Contribution of nuclease to the pathogenesis of Aeromonas hydrophila

Abstract

Aeromonas hydrophila is a gram-negative bacterium that is widely distributed in aquatic environments and can cause septicemia in both fish and humans. However, the underlying mechanisms leading to severe infection are not well understood. In this study, an A. hydrophila nuclease (ahn) deletion mutant was constructed to investigate its contribution to pathogenesis. This mutant did not differ from the wild-type strain in terms of its growth or hemolytic phenotype. However, the ahn-deficient mutant was more susceptible to being killed by fish macrophages and mouse blood in vitro. Furthermore, evidence obtained using both fish and murine infection models strongly indicated that the inactivation of Ahn impaired the ability of A. hydrophila to evade innate immune clearance in vivo. More importantly, the virulence of the mutant was attenuated in both fish and mice, with reductions in dissemination capacities and mortality rates. These findings implicate Ahn in A. hydrophila virulence, with important functions in evading innate immune defenses.

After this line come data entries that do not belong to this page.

lemma gauss_moment_integral_pos: "k > 0 \<Longrightarrow> c > -1 \<Longrightarrow> gauss_moment_integral k c > 0"
  by (simp add: gauss_moment_integral_def)

lemma Gamma_integrand_substitution:
  fixes k x s :: real
  assumes k: "k > 0" and x: "x \<ge> 0"
  shows "\<bar>2 * k * x\<bar> * ((k * x\<^sup>2) powr (s - 1) / exp (k * x\<^sup>2))
           = 2 * k powr s * gauss_moment k (2 * s - 1) x"
proof (cases "x = 0")
  case False
  with x have x: "x > 0" by simp
  have "(x\<^sup>2) powr (s - 1) = (x powr 2) powr (s - 1)"
    using x by simp
  also have "\<dots> = x powr (2 * s - 2)"
    by (simp add: powr_powr algebra_simps)
  finally have "\<bar>2 * k * x\<bar> * (k * x\<^sup>2) powr (s - 1)
      = 2 * (k * k powr (s - 1)) * (x * x powr (2 * s - 2))"
    using k x by (simp add: powr_mult abs_mult mult_ac)
  also have "\<dots> = 2 * k powr s * x powr (2 * s - 1)"
    using k x by (simp add: powr_mult_base)
  finally show ?thesis
    by (simp add: gauss_moment_def exp_minus divide_inverse mult_ac)
qed (simp add: gauss_moment_def)

lemma gauss_moment_has_integral:
  assumes k: "k > 0" and c: "c > -1"
  shows "(gauss_moment k c has_integral gauss_moment_integral k c) {0..}"
proof -
  define s where "s = (c + 1) / 2"
  have s: "s > 0" and c_eq: "c = 2 * s - 1"
    using c by (simp_all add: s_def field_simps)
  define f where "f = (\<lambda>u::real. u powr (s - 1) / exp u)"
  have "(f has_integral Gamma s) {0..}"
    unfolding f_def by (rule Gamma_integral_real[OF s])
  moreover have "f absolutely_integrable_on {0..}"
    using calculation by (intro nonnegative_absolutely_integrable_1) (auto simp: f_def)
  moreover have "(\<lambda>t. k * t\<^sup>2) ` {0..} = {0..}"
  proof (intro equalityI subsetI)
    fix u :: real assume "u \<in> {0..}"
    then show "u \<in> (\<lambda>t. k * t\<^sup>2) ` {0..}"
      using k by (intro image_eqI[where x = "sqrt (u / k)"]) auto
  qed (use k in auto)
  moreover have "inj_on (\<lambda>t. k * t\<^sup>2) {0..}"
    using k by (intro inj_onI) (auto simp: power2_eq_imp_eq)
  moreover have "((\<lambda>t. k * t\<^sup>2) has_real_derivative 2 * k * x) (at x within {0..})" for x
    by (auto intro!: derivative_eq_intros)
  ultimately have "(\<lambda>x. \<bar>2 * k * x\<bar> * f (k * x\<^sup>2)) absolutely_integrable_on {0..}
      \<and> integral {0..} (\<lambda>x. \<bar>2 * k * x\<bar> * f (k * x\<^sup>2)) = Gamma s"
    using has_absolute_integral_change_of_variables_1'[of "{0..}" "\<lambda>t. k * t\<^sup>2" "\<lambda>x. 2 * k * x" f]
    by (simp add: integral_unique)
  then have "((\<lambda>x. \<bar>2 * k * x\<bar> * f (k * x\<^sup>2)) has_integral Gamma s) {0..}"
    by (metis absolutely_integrable_on_def has_integral_integral)
  then have "((\<lambda>x. 2 * k powr s * gauss_moment k c x) has_integral Gamma s) {0..}"
    by (rule has_integral_spike_eq[OF negligible_empty, THEN iffD1, rotated])
       (simp add: f_def c_eq Gamma_integrand_substitution[OF k, symmetric])
  from has_integral_mult_right[OF this, of "inverse (2 * k powr s)"] show ?thesis
    using k by (simp add: gauss_moment_integral_def s_def field_simps)
qed

lemma gauss_moment_integrable_on:
  "k > 0 \<Longrightarrow> c > -1 \<Longrightarrow> gauss_moment k c integrable_on {0..b}"
  by (rule integrable_on_subinterval[OF has_integral_integrable[OF gauss_moment_has_integral]]) auto

lemma integral_gauss_moment_le:
  assumes "k > 0" "c > -1"
  shows "integral {0..b} (gauss_moment k c) \<le> gauss_moment_integral k c"
proof -
  have "integral {0..b} (gauss_moment k c) \<le> integral {0..} (gauss_moment k c)"
    using gauss_moment_has_integral[OF assms]
    by (intro integral_subset_le) (auto intro: integrable_on_subinterval simp: gauss_moment_nonneg)
  then show ?thesis
    using gauss_moment_has_integral[OF assms] by (simp add: integral_unique)
qed

lemma gauss_moment_integral_half:
  assumes "k > 0"
  shows "gauss_moment_integral (k / 2) c = 2 powr ((c + 1) / 2) * gauss_moment_integral k c"
  using assms by (simp add: gauss_moment_integral_def powr_divide)

lemma gauss_moment_integral_le_initial_part:
  assumes k: "k > 0" and c: "c > -1" and \<delta>: "\<delta> \<ge> 0"
  shows "gauss_moment_integral k c
    \<le> integral {0..\<delta>} (gauss_moment k c) + exp (- (k * \<delta>\<^sup>2 / 2)) * gauss_moment_integral (k / 2) c"
proof -
  have near: "((\<lambda>t. if t \<in> {0..\<delta>} then gauss_moment k c t else 0) has_integral
      integral {0..\<delta>} (gauss_moment k c)) {0..}"
    using gauss_moment_integrable_on[OF k c] \<delta>
    by (subst has_integral_restrict_Int) (simp add: Int_absorb2 integrable_integral)
  have far: "((\<lambda>t. exp (- (k * \<delta>\<^sup>2 / 2)) * gauss_moment (k / 2) c t) has_integral
      exp (- (k * \<delta>\<^sup>2 / 2)) * gauss_moment_integral (k / 2) c) {0..}"
    using k c by (intro has_integral_mult_right gauss_moment_has_integral) auto
  have "gauss_moment k c t
      \<le> (if t \<in> {0..\<delta>} then gauss_moment k c t else 0) + exp (- (k * \<delta>\<^sup>2 / 2)) * gauss_moment (k / 2) c t"
    if "t \<in> {0..}" for t
  proof (cases "t \<le> \<delta>")
    case True
    then show ?thesis
      using that by (simp add: gauss_moment_nonneg)
  next
    case False
    then have "\<delta>\<^sup>2 \<le> t\<^sup>2"
      using \<delta> by (intro power_mono) auto
    then have "k * \<delta>\<^sup>2 \<le> k * t\<^sup>2"
      using k by (intro mult_left_mono) auto
    then have "exp (- k * t\<^sup>2) \<le> exp (- (k * \<delta>\<^sup>2 / 2)) * exp (- (k / 2) * t\<^sup>2)"
      unfolding exp_add[symmetric] by simp
    then show ?thesis
      using False by (simp add: gauss_moment_def mult_left_mono mult.left_commute)
  qed
  then show ?thesis
    by (rule has_integral_le[OF gauss_moment_has_integral[OF k c] has_integral_add[OF near far]])
qed

lemma gauss_moment_initial_part_ge:
  assumes k: "k > 0" and c: "-1 < c" "c \<le> M" and \<delta>: "\<delta> \<ge> 0"
  shows "(1 - exp (- (k * \<delta>\<^sup>2 / 2)) * 2 powr ((M + 1) / 2)) * gauss_moment_integral k c
    \<le> integral {0..\<delta>} (gauss_moment k c)"
proof -
  define H where "H = gauss_moment_integral k c"
  have "gauss_moment_integral (k / 2) c = 2 powr ((c + 1) / 2) * H"
    unfolding H_def using k by (rule gauss_moment_integral_half)
  also have "\<dots> \<le> 2 powr ((M + 1) / 2) * H"
    using k c gauss_moment_integral_pos[of k c] by (intro mult_right_mono) (auto simp: H_def)
  finally have "exp (- (k * \<delta>\<^sup>2 / 2)) * gauss_moment_integral (k / 2) c
      \<le> exp (- (k * \<delta>\<^sup>2 / 2)) * 2 powr ((M + 1) / 2) * H"
    by (simp add: mult.assoc mult_left_mono)
  moreover have "H \<le> integral {0..\<delta>} (gauss_moment k c)
      + exp (- (k * \<delta>\<^sup>2 / 2)) * gauss_moment_integral (k / 2) c"
    using gauss_moment_integral_le_initial_part[OF k c(1) \<delta>] by (simp add: H_def)
  ultimately show ?thesis
    unfolding H_def[symmetric] left_diff_distrib mult_1_left by linarith
qed

lemma gauss_moment_integral_ge:
  assumes k: "k \<ge> 1" and c: "-1 < c" "c \<le> M"
  shows "exp (-1) * k powr (- ((M + 1) / 2)) / (M + 1) \<le> gauss_moment_integral k c"
proof -
  define \<sigma> where "\<sigma> = k powr (-1 / 2)"
  have \<sigma>: "0 < \<sigma>" "\<sigma> \<le> 1"
    using k powr_mono[of "-1 / 2" 0 k] by (auto simp: \<sigma>_def)
  have "exp (-1) * k powr (- ((M + 1) / 2)) / (M + 1) = exp (-1) * (\<sigma> powr (M + 1) / (M + 1))"
    by (simp add: \<sigma>_def powr_powr)
  also have "\<dots> \<le> exp (-1) * (\<sigma> powr (c + 1) / (c + 1))"
    using c \<sigma> by (intro mult_left_mono frac_le powr_mono') auto
  also have "\<dots> \<le> integral {0..\<sigma>} (gauss_moment k c)"
  proof (rule has_integral_le)
    show "((\<lambda>t. exp (-1) * t powr c) has_integral exp (-1) * (\<sigma> powr (c + 1) / (c + 1))) {0..\<sigma>}"
      using c \<sigma> by (intro has_integral_mult_right has_integral_powr_from_0) auto
    show "(gauss_moment k c has_integral integral {0..\<sigma>} (gauss_moment k c)) {0..\<sigma>}"
      using k c by (intro integrable_integral gauss_moment_integrable_on) auto
    show "exp (-1) * t powr c \<le> gauss_moment k c t" if "t \<in> {0..\<sigma>}" for t
    proof -
      have "t\<^sup>2 \<le> \<sigma>\<^sup>2"
        using that by (intro power_mono) auto
      also have "\<sigma>\<^sup>2 = 1 / k"
        using k by (simp add: \<sigma>_def powr_minus_divide powr_half_sqrt power_divide)
      finally have "exp (-1) \<le> exp (- k * t\<^sup>2)"
        using k by (simp add: field_simps)
      from mult_right_mono[OF this, of "t powr c"] show ?thesis
        by (simp add: gauss_moment_def mult.commute)
    qed
  qed
  also have "\<dots> \<le> gauss_moment_integral k c"
    using k c by (intro integral_gauss_moment_le) auto
  finally show ?thesis .
qed
lemma hom_image_cauchy_lift:
  assumes f: "f \<in> module_Hom R completion M"
    and s: "\<forall>n. s n \<in> f ` carrier completion"
      "\<forall>n. s (Suc n) \<ominus>\<^bsub>M\<^esub> s n \<in> pow_smult (f ` carrier completion) n"
  obtains S where "\<And>m. adic_seq (S m)" "\<And>m. f (completion_elem (S m)) = s m"
    "\<And>m. adic_seq (\<lambda>k. S (Suc m) k \<ominus> S m k)" "\<And>m. S (Suc m) m \<ominus> S m m \<in> Ipow m"
proof -
  have "\<forall>m. \<exists>d. adic_seq d \<and> d m \<in> Ipow m \<and> s (Suc m) \<ominus>\<^bsub>M\<^esub> s m = f (completion_elem d)"
    using s(2) pow_smult_hom_image_subset[OF f] by blast
  then obtain d where d: "\<And>m. adic_seq (d m)" "\<And>m. d m m \<in> Ipow m"
    "\<And>m. s (Suc m) \<ominus>\<^bsub>M\<^esub> s m = f (completion_elem (d m))" by metis
  have "s 0 \<in> f ` carrier completion" using s(1) by blast
  then obtain e where e: "adic_seq e" "s 0 = f (completion_elem e)" by (rule hom_image_completion_elemE)
  define S where "S = (\<lambda>m k. rec_nat (e k) (\<lambda>j p. p \<oplus> d j k) m)"
  have S_Suc: "S (Suc m) = (\<lambda>k. S m k \<oplus> d m k)" for m unfolding S_def by simp
  have S_seq: "adic_seq (S m)" for m
    by (induction m) (simp_all add: S_def e(1) S_Suc adic_seq_add d(1))
  have sM: "s m \<in> carrier M" for m using s(1) submoduleD(1)[OF hom_image_submodule[OF f]] by blast
  have S_s: "f (completion_elem (S m)) = s m" for m
  proof (induction m)
    case 0 then show ?case using e(2) by (simp add: S_def)
  next
    case (Suc m)
    have "f (completion_elem (S (Suc m))) = s m \<oplus>\<^bsub>M\<^esub> (s (Suc m) \<ominus>\<^bsub>M\<^esub> s m)"
      unfolding S_Suc hom_completion_elem_add[OF f S_seq d(1)] Suc d(3) ..
    then show ?case using M.a_add_minus_cancel[OF sM sM] by simp
  qed
  have S_diff: "(\<lambda>k. S (Suc m) k \<ominus> S m k) = d m" for m
    unfolding S_Suc using adic_seq_carrier[OF S_seq] adic_seq_carrier[OF d(1)]
    by (simp add: R.a_add_minus_cancel_left)
  show ?thesis by (rule that[OF S_seq S_s]) (simp_all add: S_diff fun_cong[OF S_diff] d(1,2))
qed

lemma hom_image_has_adic_limits:
  assumes noeth: "noetherian_ring R" and f: "f \<in> module_Hom R completion M"
  shows "has_adic_limits (f ` carrier completion)"
  unfolding has_adic_limits_def
proof (intro allI impI)
  let ?N = "f ` carrier completion"
  fix s assume "(\<forall>n. s n \<in> ?N) \<and> (\<forall>n. s (Suc n) \<ominus>\<^bsub>M\<^esub> s n \<in> pow_smult ?N n)"
  then obtain S where S: "\<And>m. adic_seq (S m)" "\<And>m. f (completion_elem (S m)) = s m"
    "\<And>m. adic_seq (\<lambda>k. S (Suc m) k \<ominus> S m k)" "\<And>m. S (Suc m) m \<ominus> S m m \<in> Ipow m"
    using hom_image_cauchy_lift[OF f] by blast
  define T where "T = (\<lambda>k. S k k)"
  have T_seq: "adic_seq T" unfolding T_def by (rule adic_seq_diagonal[OF S(1,3,4)])
  have "f (completion_elem T) \<ominus>\<^bsub>M\<^esub> s m \<in> pow_smult ?N m" for m
  proof -
    define D where "D = (\<lambda>k. T k \<ominus> S m k)"
    have D_seq: "adic_seq D" unfolding D_def by (rule adic_seq_minus[OF T_seq S(1)])
    have SR: "S m k \<in> carrier R" for k using adic_seq_carrier[OF S(1)] .
    have "D m = \<zero>" unfolding D_def T_def a_minus_def by (rule R.r_neg[OF SR])
    then have "f (completion_elem D) \<in> pow_smult ?N m"
      using hom_completion_elem_in_pow_smult[OF noeth f D_seq] Ipow_zero by simp
    moreover have "T = (\<lambda>k. S m k \<oplus> D k)"
      unfolding D_def using R.a_add_minus_cancel[OF SR adic_seq_carrier[OF T_seq]] by simp
    then have "f (completion_elem T) = s m \<oplus>\<^bsub>M\<^esub> f (completion_elem D)"
      using hom_completion_elem_add[OF f S(1) D_seq] S(2) by simp
    moreover have "s m \<in> carrier M"
      using S(2)[of m] module_Hom_closed[OF f completion_elem_in_carrier[OF S(1)[of m]]] by simp
    ultimately show ?thesis
      using M.a_add_minus_cancel_left module_Hom_closed[OF f completion_elem_in_carrier[OF D_seq]] by simp
  qed
  then show "\<exists>x\<in>?N. \<forall>n. x \<ominus>\<^bsub>M\<^esub> s n \<in> pow_smult ?N n"
    using hom_completion_elem_in_image[where f=f, OF T_seq] by blast
qed

end

lemma (in krull_Rmodule) hom_image_subset_max_complete_submodule:
  assumes "f \<in> module_Hom R completion M"
  shows "f ` carrier completion \<subseteq> max_complete_submodule R M I"
  using max_complete_submodule_greatest(2) hom_image_submodule hom_image_has_adic_limits
    noetherian_ring_axioms assms by blast

theorem lemma1p2:
  fixes R :: "'a ring" and I :: "'a set" and M :: "('a, 'm) module"
  assumes "cring R" and "noetherian_ring R"
    and "ideal I R" and "I \<subseteq> jacobson_radical R"
    and "module R M" and "fin_gen_module R M"
  shows "bij_betw (\<lambda>f. compose (carrier (ring_completion R I)) (\<lambda>y. y) f)
           (module_Hom R (ring_completion R I)
              (M\<lparr>carrier := max_complete_submodule R M I\<rparr>))
           (module_Hom R (ring_completion R I) M)"
proof -
  interpret krull_Rmodule R M I
    using assms by (simp add: krull_Rmodule_def krull_Rmodule_axioms_def fg_noetherian_Rmodule_def
        fg_noetherian_Rmodule_axioms_def noetherian_Rmodule_def Rmodule_def adic_Rmodule_def adic_ring_def
        adic_ring_axioms_def)
  let ?H = "ring_completion R I"
  have Homs_eq: "module_Hom R ?H (M\<lparr>carrier := max_complete_submodule R M I\<rparr>) = module_Hom R ?H M"
    using module_Hom_restrict_codomain submoduleD(1)[OF max_complete_submodule_greatest(1)]
      hom_image_subset_max_complete_submodule by blast
  have "compose (carrier ?H) (\<lambda>y. y) f = f" if "f \<in> module_Hom R ?H M" for f
    using that extensional_restrict unfolding module_Hom_def compose_def PiE_def by auto
  then show ?thesis unfolding Homs_eq by (simp add: bij_betw_def inj_on_def cong: image_cong)
qed

end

Keywords: Aeromonas hydrophila; nuclease; pathogenesis.

Figure 1.

Construction and phenotypic characterization of the Δahn mutant and the complement strain, CΔahn. (A) Strategy for the deletion of ahn by homologous recombination. (B) Growth curves of the WT, Δahn and CΔahn strains. (C) β-Hemolytic phenotype of the strains grown on sheep's blood agar. (D) Scanning electron microscopic pictures of different strains (scale bar = 1 μm).

Figure 2.

Effect of Ahn deletion as determined by bactericidal assays. (A) Percentage of CFUs following 1 h of incubation with head-kidney macrophages. (B) Percentage of CFUs following 1 h of incubation at 37°C with heparinized mouse blood. The experiments were performed 3 times independently. The data shown were obtained from a representative experiment. *P < 0.05.

Figure 3.

Role of Ahn in resistance against clearance in vivo. (A) Severe accumulation of ascites in the abdomen of a blunt snout bream (Megalobrama amblycephala) infected with A. hydrophila. Scale bar = 1 cm. (B) Bacterial loads recovered from fish ascites after 24 h post-i.p. inoculation. (C) In vivo competitive indices of Δahn versus the WT strain in fish abdominal cavity and mouse air sac infection models.

Figure 4.

Inactivation of ahn impairs A. hydrophila systemic dissemination. (A) Numbers of viable A. hydrophila bacteria in mouse blood at 24 h after i.p.inoculation. Numbers of viable A. hydrophila bacteria in fish kidneies (B) and livers (C) at 24 h after i.p. inoculation. (D) Pathological examination of kidneies of fish infected with the indicated A. hydrophila strains. The arrow indicates renal tubular cell swelling. Scale bar = 200 μm.

Figure 5.

Ahn contributes to the virulence of A. hydrophila. (A) Survival curves for fish challenged with A. hydrophila wild-type and deletion strains. (B) Survival curves for mice challenged with A. hydrophila.